Exercise details
Go through the following data and transcribe exactly the stretch of lines from the one holding "unfolding heron_def by" to the one holding "t * (x^2 + s^2", both included.

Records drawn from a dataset
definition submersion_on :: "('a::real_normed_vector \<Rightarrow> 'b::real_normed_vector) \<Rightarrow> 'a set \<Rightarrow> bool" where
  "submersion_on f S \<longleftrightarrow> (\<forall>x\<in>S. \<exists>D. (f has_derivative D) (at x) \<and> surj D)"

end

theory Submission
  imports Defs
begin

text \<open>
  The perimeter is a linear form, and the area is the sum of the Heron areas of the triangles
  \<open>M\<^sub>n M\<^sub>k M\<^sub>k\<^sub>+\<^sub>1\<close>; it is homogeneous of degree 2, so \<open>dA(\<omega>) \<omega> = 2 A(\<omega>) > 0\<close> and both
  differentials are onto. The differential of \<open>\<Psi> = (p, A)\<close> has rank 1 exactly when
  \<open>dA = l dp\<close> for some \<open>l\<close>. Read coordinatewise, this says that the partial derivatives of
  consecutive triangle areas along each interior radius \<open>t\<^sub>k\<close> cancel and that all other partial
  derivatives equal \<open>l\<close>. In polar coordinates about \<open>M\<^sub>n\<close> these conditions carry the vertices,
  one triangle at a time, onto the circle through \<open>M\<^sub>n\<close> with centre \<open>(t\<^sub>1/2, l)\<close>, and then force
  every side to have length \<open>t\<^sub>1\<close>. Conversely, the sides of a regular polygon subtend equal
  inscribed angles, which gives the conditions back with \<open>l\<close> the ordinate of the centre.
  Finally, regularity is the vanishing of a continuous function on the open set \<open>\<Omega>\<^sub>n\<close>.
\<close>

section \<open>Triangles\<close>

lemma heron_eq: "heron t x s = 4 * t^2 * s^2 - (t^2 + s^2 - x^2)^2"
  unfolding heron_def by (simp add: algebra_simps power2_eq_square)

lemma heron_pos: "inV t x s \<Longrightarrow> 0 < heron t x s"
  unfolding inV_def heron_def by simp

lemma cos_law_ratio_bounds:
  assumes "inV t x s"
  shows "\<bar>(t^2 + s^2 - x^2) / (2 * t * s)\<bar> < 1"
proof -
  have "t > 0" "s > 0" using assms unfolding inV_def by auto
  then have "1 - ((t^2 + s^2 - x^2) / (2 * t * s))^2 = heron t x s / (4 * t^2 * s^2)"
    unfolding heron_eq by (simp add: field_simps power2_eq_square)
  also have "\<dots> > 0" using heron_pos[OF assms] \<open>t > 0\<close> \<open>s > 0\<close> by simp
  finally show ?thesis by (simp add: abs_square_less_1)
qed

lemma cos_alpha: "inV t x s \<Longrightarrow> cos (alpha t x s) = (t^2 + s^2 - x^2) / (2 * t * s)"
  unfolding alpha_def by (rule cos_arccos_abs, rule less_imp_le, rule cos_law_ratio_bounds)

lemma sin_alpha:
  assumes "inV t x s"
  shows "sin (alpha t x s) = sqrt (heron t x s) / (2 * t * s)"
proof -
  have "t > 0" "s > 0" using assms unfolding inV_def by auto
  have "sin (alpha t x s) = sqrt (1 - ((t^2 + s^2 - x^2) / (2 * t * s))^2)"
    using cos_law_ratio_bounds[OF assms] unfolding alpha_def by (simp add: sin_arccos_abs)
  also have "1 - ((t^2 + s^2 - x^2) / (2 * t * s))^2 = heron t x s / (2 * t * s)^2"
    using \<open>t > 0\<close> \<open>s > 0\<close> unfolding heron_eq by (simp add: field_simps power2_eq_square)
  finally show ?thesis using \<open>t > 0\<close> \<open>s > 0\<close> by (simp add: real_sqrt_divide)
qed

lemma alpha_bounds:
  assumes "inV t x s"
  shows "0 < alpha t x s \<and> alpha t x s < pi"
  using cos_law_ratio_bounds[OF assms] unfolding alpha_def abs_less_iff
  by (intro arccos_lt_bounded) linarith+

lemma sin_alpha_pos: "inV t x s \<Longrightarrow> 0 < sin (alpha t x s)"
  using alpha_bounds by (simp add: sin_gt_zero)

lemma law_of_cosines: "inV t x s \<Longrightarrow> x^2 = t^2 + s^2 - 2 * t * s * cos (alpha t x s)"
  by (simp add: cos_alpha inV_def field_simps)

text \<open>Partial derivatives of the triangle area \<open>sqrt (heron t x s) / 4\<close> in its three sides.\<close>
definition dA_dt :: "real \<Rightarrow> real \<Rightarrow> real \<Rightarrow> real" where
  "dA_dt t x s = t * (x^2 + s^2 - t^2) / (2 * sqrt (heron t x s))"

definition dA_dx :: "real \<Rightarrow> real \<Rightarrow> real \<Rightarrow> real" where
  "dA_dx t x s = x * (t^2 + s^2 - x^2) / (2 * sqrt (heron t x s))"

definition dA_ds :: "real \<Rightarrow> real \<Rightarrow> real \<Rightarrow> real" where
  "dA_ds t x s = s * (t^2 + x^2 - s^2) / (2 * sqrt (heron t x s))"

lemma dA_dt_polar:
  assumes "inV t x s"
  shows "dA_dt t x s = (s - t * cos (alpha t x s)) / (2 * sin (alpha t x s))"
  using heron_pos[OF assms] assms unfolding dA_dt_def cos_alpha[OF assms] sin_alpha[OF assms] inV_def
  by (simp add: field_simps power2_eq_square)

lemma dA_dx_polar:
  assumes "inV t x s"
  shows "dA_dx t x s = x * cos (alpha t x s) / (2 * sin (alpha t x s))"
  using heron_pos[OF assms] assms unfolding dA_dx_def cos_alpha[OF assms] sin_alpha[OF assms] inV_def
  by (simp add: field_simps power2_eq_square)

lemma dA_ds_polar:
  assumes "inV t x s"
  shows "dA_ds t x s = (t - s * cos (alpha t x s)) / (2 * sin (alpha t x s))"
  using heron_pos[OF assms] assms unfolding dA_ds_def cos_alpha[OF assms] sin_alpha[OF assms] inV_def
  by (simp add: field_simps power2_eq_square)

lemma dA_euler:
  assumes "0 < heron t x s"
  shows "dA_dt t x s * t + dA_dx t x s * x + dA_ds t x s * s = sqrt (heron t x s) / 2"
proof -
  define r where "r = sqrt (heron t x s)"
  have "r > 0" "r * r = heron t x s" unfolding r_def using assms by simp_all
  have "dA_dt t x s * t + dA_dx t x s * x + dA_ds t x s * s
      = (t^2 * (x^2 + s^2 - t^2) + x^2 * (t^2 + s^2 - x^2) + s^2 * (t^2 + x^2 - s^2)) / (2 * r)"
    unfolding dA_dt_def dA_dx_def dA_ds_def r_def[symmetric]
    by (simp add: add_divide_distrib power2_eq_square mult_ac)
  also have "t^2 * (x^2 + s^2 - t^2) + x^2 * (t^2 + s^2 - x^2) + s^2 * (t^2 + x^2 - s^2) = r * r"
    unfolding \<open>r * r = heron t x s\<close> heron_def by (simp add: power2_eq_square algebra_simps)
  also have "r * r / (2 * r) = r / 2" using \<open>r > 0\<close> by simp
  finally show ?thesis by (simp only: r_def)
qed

Result of this exercise
  unfolding heron_def by (simp add: algebra_simps power2_eq_square)

lemma heron_pos: "inV t x s \<Longrightarrow> 0 < heron t x s"
  unfolding inV_def heron_def by simp

lemma cos_law_ratio_bounds:
  assumes "inV t x s"
  shows "\<bar>(t^2 + s^2 - x^2) / (2 * t * s)\<bar> < 1"
proof -
  have "t > 0" "s > 0" using assms unfolding inV_def by auto
  then have "1 - ((t^2 + s^2 - x^2) / (2 * t * s))^2 = heron t x s / (4 * t^2 * s^2)"
    unfolding heron_eq by (simp add: field_simps power2_eq_square)
  also have "\<dots> > 0" using heron_pos[OF assms] \<open>t > 0\<close> \<open>s > 0\<close> by simp
  finally show ?thesis by (simp add: abs_square_less_1)
qed

lemma cos_alpha: "inV t x s \<Longrightarrow> cos (alpha t x s) = (t^2 + s^2 - x^2) / (2 * t * s)"
  unfolding alpha_def by (rule cos_arccos_abs, rule less_imp_le, rule cos_law_ratio_bounds)

lemma sin_alpha:
  assumes "inV t x s"
  shows "sin (alpha t x s) = sqrt (heron t x s) / (2 * t * s)"
proof -
  have "t > 0" "s > 0" using assms unfolding inV_def by auto
  have "sin (alpha t x s) = sqrt (1 - ((t^2 + s^2 - x^2) / (2 * t * s))^2)"
    using cos_law_ratio_bounds[OF assms] unfolding alpha_def by (simp add: sin_arccos_abs)
  also have "1 - ((t^2 + s^2 - x^2) / (2 * t * s))^2 = heron t x s / (2 * t * s)^2"
    using \<open>t > 0\<close> \<open>s > 0\<close> unfolding heron_eq by (simp add: field_simps power2_eq_square)
  finally show ?thesis using \<open>t > 0\<close> \<open>s > 0\<close> by (simp add: real_sqrt_divide)
qed

lemma alpha_bounds:
  assumes "inV t x s"
  shows "0 < alpha t x s \<and> alpha t x s < pi"
  using cos_law_ratio_bounds[OF assms] unfolding alpha_def abs_less_iff
  by (intro arccos_lt_bounded) linarith+

lemma sin_alpha_pos: "inV t x s \<Longrightarrow> 0 < sin (alpha t x s)"
  using alpha_bounds by (simp add: sin_gt_zero)

lemma law_of_cosines: "inV t x s \<Longrightarrow> x^2 = t^2 + s^2 - 2 * t * s * cos (alpha t x s)"
  by (simp add: cos_alpha inV_def field_simps)

text \<open>Partial derivatives of the triangle area \<open>sqrt (heron t x s) / 4\<close> in its three sides.\<close>
definition dA_dt :: "real \<Rightarrow> real \<Rightarrow> real \<Rightarrow> real" where
  "dA_dt t x s = t * (x^2 + s^2 - t^2) / (2 * sqrt (heron t x s))"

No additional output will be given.